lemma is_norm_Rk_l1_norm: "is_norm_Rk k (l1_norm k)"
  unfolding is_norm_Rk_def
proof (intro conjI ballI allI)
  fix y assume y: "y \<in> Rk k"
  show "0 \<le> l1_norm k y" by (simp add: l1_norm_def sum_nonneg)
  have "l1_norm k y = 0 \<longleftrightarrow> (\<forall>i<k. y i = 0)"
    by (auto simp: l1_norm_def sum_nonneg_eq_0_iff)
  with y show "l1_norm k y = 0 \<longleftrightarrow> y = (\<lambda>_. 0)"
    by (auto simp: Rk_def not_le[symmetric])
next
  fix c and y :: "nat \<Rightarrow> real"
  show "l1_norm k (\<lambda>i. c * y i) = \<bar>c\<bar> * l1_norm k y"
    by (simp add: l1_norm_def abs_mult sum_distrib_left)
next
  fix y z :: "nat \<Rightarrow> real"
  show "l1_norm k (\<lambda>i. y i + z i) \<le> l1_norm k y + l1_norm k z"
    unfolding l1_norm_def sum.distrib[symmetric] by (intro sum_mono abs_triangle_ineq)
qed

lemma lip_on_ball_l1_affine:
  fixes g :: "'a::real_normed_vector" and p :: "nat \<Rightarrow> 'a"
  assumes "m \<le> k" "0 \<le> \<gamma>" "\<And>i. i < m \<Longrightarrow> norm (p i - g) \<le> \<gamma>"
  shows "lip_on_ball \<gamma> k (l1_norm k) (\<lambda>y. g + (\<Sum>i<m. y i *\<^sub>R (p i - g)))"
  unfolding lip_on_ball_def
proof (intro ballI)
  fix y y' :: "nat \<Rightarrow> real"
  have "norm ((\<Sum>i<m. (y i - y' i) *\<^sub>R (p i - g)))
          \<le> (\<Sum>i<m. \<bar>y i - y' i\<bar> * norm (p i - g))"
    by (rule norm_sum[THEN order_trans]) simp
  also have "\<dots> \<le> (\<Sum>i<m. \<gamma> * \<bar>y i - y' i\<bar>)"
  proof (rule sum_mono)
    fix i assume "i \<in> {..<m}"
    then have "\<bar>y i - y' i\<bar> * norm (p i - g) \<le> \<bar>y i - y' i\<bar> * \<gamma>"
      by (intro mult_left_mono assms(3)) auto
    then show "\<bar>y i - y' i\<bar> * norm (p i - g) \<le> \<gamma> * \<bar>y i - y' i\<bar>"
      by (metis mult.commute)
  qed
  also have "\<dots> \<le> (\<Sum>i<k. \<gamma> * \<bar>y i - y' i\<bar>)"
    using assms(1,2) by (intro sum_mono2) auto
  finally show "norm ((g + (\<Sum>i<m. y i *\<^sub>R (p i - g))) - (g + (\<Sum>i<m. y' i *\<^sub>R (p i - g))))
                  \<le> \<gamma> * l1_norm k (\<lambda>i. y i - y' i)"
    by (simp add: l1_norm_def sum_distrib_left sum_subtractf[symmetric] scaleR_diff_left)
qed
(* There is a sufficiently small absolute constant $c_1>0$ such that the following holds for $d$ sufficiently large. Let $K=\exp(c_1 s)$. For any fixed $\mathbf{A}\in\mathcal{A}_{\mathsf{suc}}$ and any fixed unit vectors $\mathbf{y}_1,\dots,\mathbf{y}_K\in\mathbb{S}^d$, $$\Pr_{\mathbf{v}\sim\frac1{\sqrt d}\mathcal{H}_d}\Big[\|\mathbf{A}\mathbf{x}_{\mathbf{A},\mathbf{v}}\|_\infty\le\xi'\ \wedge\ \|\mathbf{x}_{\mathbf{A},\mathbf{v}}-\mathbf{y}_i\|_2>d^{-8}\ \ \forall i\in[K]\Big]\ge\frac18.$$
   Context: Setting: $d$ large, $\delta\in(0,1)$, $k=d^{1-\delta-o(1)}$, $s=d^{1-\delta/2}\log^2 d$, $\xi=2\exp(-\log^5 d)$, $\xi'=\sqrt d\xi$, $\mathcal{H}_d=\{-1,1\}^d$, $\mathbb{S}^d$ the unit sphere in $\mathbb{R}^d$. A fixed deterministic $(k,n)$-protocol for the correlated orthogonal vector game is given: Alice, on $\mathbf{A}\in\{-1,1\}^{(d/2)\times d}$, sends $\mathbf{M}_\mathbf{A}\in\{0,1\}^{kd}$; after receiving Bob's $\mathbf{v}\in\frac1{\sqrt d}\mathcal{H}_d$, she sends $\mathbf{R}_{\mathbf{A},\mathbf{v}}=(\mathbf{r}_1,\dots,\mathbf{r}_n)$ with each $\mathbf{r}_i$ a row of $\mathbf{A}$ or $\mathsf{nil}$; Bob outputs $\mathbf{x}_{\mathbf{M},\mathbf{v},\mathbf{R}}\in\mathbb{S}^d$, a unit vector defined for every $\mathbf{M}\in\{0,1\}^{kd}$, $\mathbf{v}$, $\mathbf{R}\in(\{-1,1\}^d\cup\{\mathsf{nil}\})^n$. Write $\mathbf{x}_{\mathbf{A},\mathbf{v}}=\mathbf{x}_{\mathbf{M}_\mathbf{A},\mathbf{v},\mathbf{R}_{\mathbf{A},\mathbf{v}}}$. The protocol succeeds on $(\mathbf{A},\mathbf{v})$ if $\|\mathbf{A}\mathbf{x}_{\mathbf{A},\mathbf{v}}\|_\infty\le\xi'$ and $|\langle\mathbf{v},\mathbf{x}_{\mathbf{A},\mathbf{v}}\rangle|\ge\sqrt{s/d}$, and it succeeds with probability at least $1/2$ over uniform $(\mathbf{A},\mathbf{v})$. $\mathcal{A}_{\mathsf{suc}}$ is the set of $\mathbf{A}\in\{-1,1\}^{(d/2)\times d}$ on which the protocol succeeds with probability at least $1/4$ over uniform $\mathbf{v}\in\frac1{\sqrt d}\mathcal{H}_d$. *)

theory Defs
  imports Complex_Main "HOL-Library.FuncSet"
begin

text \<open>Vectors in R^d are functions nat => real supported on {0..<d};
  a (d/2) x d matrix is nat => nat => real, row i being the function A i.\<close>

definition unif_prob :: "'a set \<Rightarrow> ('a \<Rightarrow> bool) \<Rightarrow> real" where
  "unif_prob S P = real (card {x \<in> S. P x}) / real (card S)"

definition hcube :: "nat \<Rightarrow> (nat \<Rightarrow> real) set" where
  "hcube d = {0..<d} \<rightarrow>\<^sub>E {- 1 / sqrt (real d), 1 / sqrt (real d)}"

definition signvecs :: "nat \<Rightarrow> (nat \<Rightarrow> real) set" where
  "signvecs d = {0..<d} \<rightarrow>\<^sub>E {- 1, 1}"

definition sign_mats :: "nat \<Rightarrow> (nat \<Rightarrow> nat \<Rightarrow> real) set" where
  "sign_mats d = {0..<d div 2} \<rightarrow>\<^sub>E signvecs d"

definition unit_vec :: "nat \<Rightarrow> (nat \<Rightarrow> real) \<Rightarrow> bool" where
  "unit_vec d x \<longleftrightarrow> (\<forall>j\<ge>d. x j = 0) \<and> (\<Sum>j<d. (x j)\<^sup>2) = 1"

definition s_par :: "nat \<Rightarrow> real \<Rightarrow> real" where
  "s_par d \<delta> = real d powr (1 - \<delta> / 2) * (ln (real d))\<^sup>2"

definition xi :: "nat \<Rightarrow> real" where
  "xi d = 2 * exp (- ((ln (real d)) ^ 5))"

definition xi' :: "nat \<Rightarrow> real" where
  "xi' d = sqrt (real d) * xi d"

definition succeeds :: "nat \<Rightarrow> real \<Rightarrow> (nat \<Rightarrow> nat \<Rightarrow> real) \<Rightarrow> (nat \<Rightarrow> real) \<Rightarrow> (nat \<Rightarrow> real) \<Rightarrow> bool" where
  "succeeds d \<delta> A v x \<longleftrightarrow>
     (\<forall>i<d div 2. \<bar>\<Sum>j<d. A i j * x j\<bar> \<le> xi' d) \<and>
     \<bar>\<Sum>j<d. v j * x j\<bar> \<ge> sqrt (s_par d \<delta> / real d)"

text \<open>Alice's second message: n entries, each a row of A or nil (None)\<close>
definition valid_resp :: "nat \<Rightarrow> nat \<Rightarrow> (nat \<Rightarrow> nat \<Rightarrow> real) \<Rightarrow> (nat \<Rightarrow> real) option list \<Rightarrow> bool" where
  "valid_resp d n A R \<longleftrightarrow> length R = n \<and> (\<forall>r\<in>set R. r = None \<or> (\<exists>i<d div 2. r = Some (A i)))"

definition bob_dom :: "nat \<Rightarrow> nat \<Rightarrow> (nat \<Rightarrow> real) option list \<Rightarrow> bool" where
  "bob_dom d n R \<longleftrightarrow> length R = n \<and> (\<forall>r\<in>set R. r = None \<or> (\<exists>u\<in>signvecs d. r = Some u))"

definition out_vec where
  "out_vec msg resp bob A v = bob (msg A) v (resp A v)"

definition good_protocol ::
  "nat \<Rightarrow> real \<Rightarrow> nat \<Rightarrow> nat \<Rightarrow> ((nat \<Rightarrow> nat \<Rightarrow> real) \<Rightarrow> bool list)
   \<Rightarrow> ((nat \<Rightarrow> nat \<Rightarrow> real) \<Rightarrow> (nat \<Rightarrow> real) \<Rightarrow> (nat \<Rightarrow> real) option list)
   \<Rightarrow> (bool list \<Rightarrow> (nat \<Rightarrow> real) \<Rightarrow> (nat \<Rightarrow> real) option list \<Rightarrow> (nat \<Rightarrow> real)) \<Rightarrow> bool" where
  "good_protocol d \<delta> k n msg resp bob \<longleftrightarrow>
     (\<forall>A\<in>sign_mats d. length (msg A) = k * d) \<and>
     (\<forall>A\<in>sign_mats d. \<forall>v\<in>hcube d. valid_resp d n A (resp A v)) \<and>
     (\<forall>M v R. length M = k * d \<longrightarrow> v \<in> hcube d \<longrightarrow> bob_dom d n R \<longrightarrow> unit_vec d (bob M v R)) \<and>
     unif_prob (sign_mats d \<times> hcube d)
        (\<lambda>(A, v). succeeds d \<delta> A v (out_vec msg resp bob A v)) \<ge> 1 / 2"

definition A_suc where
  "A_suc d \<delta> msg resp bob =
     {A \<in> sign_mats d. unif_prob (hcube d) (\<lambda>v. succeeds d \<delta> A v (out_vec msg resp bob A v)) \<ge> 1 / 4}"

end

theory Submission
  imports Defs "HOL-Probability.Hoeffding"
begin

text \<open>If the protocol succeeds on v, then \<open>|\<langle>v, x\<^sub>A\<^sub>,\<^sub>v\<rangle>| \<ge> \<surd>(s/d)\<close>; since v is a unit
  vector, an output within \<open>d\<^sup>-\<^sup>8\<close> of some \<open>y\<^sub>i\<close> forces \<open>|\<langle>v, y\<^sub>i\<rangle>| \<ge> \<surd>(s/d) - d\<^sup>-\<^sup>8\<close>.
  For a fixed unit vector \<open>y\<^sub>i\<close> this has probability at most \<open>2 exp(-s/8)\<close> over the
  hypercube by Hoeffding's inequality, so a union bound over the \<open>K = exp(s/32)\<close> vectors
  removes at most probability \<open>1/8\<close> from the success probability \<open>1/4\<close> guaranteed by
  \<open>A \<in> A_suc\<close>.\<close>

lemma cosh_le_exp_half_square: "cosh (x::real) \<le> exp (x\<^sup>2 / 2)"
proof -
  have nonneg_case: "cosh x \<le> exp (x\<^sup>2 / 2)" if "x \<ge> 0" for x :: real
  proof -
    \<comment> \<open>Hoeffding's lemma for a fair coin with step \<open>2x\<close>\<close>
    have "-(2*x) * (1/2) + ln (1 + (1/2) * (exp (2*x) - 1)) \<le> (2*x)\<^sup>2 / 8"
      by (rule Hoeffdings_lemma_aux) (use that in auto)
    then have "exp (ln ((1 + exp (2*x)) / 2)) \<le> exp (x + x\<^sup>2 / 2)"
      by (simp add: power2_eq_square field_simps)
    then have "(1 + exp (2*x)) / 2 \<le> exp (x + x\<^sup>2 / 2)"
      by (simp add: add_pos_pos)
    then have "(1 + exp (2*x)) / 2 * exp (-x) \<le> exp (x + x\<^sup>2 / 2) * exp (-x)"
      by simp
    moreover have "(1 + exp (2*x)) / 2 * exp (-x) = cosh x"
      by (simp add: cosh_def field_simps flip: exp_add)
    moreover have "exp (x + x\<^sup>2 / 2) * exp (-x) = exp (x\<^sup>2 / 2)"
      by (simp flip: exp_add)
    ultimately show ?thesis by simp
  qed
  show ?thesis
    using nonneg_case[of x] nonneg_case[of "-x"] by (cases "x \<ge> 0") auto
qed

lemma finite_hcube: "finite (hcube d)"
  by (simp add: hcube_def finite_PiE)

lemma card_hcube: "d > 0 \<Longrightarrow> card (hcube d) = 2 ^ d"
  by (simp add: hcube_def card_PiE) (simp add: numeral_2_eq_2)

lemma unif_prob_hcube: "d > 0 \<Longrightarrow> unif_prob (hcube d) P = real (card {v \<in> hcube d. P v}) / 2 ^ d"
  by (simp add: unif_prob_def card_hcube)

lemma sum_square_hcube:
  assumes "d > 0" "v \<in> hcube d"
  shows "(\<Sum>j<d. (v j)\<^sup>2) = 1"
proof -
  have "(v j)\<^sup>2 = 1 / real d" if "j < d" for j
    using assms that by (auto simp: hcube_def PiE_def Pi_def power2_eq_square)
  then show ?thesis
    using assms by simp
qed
===============
▶ _Task brief_
If a line in the entries contains the word "signvecs", copy that line out.

▶ _Reply_
definition signvecs :: "nat \<Rightarrow> (nat \<Rightarrow> real) set" where
  "signvecs d = {0..<d} \<rightarrow>\<^sub>E {- 1, 1}"
  "sign_mats d = {0..<d div 2} \<rightarrow>\<^sub>E signvecs d"
  "bob_dom d n R \<longleftrightarrow> length R = n \<and> (\<forall>r\<in>set R. r = None \<or> (\<exists>u\<in>signvecs d. r = Some u))"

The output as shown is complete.